[Dataset entries]
..............................

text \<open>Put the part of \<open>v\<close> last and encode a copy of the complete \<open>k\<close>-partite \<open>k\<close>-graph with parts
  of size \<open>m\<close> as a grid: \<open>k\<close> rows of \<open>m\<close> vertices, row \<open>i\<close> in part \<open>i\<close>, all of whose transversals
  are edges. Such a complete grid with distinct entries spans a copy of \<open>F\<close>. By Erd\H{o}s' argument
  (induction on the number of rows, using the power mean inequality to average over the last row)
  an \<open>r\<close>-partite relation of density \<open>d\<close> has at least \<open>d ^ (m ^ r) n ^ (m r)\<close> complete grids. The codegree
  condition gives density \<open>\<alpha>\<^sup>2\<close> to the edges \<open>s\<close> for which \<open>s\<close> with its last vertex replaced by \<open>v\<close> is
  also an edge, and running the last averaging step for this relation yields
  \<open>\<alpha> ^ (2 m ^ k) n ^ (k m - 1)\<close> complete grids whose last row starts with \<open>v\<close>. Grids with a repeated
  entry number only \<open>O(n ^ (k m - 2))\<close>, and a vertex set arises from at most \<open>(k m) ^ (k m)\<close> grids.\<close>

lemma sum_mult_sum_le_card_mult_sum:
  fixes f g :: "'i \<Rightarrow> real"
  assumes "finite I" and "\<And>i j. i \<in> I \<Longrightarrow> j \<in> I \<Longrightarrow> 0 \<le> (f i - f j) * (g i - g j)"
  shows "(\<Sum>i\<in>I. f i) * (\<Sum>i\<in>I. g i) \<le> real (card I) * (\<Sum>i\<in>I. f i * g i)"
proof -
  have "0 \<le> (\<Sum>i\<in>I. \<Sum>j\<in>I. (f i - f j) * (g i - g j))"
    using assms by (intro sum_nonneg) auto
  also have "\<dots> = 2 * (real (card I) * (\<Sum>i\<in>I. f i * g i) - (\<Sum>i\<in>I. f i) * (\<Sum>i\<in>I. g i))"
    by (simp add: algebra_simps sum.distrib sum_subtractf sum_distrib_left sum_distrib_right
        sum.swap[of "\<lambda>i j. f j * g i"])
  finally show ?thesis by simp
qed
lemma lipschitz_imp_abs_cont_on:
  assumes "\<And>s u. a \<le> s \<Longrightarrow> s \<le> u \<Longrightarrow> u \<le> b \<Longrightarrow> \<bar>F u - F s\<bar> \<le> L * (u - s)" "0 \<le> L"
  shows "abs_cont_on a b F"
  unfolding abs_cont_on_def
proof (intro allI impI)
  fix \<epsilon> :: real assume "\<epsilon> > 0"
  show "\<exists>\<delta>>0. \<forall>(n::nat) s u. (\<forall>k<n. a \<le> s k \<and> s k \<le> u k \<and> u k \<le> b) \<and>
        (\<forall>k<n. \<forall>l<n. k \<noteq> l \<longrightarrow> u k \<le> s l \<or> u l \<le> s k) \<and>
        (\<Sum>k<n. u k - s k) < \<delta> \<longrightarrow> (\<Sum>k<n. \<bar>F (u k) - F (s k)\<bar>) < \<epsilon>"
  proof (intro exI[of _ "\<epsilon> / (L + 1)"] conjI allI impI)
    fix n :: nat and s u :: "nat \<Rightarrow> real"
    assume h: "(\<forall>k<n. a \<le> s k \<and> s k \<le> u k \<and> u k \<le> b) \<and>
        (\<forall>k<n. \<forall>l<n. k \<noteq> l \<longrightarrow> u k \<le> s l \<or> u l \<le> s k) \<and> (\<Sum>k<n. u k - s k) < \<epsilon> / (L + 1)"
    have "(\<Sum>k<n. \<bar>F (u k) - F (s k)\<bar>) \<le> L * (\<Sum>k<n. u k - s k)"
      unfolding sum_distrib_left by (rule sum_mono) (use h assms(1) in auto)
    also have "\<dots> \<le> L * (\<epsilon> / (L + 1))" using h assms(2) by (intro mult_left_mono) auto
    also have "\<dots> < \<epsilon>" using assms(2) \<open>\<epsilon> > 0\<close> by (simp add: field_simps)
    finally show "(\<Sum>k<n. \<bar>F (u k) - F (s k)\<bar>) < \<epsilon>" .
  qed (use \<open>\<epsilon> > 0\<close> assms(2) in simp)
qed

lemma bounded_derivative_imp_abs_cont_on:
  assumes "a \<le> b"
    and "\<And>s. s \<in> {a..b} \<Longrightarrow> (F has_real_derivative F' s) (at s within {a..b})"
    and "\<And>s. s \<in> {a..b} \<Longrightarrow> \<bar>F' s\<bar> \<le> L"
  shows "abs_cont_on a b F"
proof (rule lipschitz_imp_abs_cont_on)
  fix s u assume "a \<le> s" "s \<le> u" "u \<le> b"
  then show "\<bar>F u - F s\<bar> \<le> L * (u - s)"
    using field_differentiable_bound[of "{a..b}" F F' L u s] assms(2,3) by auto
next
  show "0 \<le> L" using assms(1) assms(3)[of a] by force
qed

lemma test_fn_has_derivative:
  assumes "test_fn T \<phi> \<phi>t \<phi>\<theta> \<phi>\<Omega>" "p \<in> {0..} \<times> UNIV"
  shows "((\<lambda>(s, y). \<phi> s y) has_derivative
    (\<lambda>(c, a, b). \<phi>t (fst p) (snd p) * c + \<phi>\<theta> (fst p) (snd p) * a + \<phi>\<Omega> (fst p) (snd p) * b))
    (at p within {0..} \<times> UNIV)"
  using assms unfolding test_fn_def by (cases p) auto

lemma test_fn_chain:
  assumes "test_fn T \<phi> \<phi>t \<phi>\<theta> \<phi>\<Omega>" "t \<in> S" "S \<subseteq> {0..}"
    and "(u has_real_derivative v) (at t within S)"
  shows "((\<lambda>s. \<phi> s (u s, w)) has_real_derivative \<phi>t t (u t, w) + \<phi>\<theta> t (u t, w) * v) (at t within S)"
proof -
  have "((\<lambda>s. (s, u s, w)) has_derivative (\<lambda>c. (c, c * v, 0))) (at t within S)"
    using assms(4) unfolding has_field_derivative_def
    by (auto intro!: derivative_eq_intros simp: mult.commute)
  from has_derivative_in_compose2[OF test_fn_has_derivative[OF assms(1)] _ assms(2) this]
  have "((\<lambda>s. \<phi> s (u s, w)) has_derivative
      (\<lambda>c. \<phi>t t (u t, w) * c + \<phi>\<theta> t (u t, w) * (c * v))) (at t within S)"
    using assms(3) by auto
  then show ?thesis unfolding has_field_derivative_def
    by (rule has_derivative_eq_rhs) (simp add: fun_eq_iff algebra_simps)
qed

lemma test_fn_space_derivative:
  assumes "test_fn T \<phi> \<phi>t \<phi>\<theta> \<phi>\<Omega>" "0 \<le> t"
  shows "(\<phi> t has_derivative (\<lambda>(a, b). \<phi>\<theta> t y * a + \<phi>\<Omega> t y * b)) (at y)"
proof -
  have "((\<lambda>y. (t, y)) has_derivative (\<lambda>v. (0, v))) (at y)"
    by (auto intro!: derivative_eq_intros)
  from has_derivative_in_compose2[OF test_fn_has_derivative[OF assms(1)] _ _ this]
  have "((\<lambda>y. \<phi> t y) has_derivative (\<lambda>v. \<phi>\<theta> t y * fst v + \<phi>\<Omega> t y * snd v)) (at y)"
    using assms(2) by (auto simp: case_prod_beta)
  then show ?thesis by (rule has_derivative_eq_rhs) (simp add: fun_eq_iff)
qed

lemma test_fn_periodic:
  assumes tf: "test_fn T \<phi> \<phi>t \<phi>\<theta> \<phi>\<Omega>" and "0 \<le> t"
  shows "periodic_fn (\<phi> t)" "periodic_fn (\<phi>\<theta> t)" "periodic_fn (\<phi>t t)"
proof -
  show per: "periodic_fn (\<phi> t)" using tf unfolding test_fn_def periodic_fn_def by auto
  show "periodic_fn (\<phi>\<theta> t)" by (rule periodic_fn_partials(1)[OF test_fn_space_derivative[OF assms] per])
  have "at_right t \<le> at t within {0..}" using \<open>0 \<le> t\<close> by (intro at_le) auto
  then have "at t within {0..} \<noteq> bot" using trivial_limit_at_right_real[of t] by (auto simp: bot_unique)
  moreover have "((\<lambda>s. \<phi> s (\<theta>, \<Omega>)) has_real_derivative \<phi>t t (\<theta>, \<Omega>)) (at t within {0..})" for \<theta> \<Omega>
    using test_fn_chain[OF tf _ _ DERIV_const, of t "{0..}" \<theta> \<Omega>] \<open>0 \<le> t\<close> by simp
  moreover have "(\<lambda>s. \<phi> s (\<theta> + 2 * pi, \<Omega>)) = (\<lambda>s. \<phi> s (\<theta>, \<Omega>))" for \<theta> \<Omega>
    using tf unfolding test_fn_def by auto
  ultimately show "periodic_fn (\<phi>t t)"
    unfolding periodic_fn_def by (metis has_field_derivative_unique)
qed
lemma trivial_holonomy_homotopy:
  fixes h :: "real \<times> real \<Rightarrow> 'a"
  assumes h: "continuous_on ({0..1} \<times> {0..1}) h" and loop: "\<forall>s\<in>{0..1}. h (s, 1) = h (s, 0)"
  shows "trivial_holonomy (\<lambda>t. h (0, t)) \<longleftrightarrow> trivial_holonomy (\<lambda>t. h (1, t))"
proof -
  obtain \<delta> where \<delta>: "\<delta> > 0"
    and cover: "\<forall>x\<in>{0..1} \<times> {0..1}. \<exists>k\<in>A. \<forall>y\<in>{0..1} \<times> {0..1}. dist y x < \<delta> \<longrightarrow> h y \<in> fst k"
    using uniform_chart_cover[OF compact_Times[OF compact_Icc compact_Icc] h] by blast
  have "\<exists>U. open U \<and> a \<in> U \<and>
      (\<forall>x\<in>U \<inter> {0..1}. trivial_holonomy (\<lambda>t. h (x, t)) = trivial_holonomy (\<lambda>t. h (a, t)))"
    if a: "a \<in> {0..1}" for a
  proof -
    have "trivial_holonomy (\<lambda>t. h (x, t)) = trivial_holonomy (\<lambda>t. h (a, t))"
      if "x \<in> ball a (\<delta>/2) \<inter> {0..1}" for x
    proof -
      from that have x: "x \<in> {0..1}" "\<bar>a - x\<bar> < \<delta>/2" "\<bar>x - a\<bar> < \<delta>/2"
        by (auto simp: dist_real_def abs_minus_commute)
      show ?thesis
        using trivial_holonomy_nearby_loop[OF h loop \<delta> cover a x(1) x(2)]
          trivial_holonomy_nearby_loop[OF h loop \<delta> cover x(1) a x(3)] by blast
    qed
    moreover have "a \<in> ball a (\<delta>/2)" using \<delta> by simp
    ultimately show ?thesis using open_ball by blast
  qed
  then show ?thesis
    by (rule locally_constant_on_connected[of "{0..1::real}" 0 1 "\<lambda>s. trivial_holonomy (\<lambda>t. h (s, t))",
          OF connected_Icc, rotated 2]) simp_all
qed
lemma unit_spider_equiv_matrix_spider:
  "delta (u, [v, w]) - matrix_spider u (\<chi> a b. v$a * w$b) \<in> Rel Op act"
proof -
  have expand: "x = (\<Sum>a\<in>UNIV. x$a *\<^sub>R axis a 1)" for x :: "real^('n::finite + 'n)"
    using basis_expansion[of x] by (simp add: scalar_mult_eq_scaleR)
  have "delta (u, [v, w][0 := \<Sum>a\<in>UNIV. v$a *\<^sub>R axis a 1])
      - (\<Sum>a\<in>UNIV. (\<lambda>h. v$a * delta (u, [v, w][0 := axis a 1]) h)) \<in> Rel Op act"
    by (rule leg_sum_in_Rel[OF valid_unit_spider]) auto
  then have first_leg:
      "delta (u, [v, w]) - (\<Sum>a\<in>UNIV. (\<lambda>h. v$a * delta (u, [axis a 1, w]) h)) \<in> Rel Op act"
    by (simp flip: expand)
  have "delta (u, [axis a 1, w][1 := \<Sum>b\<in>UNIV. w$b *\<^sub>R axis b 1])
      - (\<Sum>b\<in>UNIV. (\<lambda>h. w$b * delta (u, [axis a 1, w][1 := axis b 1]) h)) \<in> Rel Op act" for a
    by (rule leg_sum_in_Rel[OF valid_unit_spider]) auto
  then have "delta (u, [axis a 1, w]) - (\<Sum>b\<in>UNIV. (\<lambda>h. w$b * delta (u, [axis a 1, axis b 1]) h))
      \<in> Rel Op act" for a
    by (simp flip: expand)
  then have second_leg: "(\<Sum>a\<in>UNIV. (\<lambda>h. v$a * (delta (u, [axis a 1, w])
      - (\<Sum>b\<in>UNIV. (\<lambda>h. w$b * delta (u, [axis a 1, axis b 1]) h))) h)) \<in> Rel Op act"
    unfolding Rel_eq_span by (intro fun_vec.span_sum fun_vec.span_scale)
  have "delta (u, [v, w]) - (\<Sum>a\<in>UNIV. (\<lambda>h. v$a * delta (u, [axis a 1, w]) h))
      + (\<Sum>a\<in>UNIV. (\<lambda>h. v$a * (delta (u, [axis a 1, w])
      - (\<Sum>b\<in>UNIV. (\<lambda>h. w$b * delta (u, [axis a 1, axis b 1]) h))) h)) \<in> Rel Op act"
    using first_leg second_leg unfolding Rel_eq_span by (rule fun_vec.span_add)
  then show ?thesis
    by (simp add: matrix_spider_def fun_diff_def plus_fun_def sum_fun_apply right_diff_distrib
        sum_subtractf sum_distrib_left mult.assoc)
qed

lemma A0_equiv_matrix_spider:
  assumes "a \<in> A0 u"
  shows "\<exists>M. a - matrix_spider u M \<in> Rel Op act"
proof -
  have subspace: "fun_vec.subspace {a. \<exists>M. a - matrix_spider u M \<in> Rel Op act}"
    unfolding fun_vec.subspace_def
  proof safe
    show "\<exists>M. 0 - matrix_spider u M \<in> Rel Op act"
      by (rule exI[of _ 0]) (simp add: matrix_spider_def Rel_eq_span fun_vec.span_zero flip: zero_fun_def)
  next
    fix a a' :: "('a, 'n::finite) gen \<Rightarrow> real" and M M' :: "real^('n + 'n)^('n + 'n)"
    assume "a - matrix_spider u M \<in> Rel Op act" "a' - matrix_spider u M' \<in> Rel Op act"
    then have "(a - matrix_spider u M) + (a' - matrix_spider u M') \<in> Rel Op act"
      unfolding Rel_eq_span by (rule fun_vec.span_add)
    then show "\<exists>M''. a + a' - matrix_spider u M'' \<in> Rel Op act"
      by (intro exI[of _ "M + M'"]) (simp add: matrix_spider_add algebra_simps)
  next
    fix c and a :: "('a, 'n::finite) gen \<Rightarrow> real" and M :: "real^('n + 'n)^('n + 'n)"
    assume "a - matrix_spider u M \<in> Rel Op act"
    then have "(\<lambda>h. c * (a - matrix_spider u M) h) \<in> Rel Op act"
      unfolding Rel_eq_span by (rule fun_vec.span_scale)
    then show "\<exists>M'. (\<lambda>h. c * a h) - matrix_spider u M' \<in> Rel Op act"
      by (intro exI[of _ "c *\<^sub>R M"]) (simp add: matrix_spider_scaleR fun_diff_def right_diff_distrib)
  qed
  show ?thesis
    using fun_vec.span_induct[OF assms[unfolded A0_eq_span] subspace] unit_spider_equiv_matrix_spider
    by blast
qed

..............................

What are the lines above, starting at the one with "condition gives density" and ending at the one with "also an edge, and"? Give them again exactly, and only them.

**EXPECTED ANSWER:**
  condition gives density \<open>\<alpha>\<^sup>2\<close> to the edges \<open>s\<close> for which \<open>s\<close> with its last vertex replaced by \<open>v\<close> is
  also an edge, and running the last averaging step for this relation yields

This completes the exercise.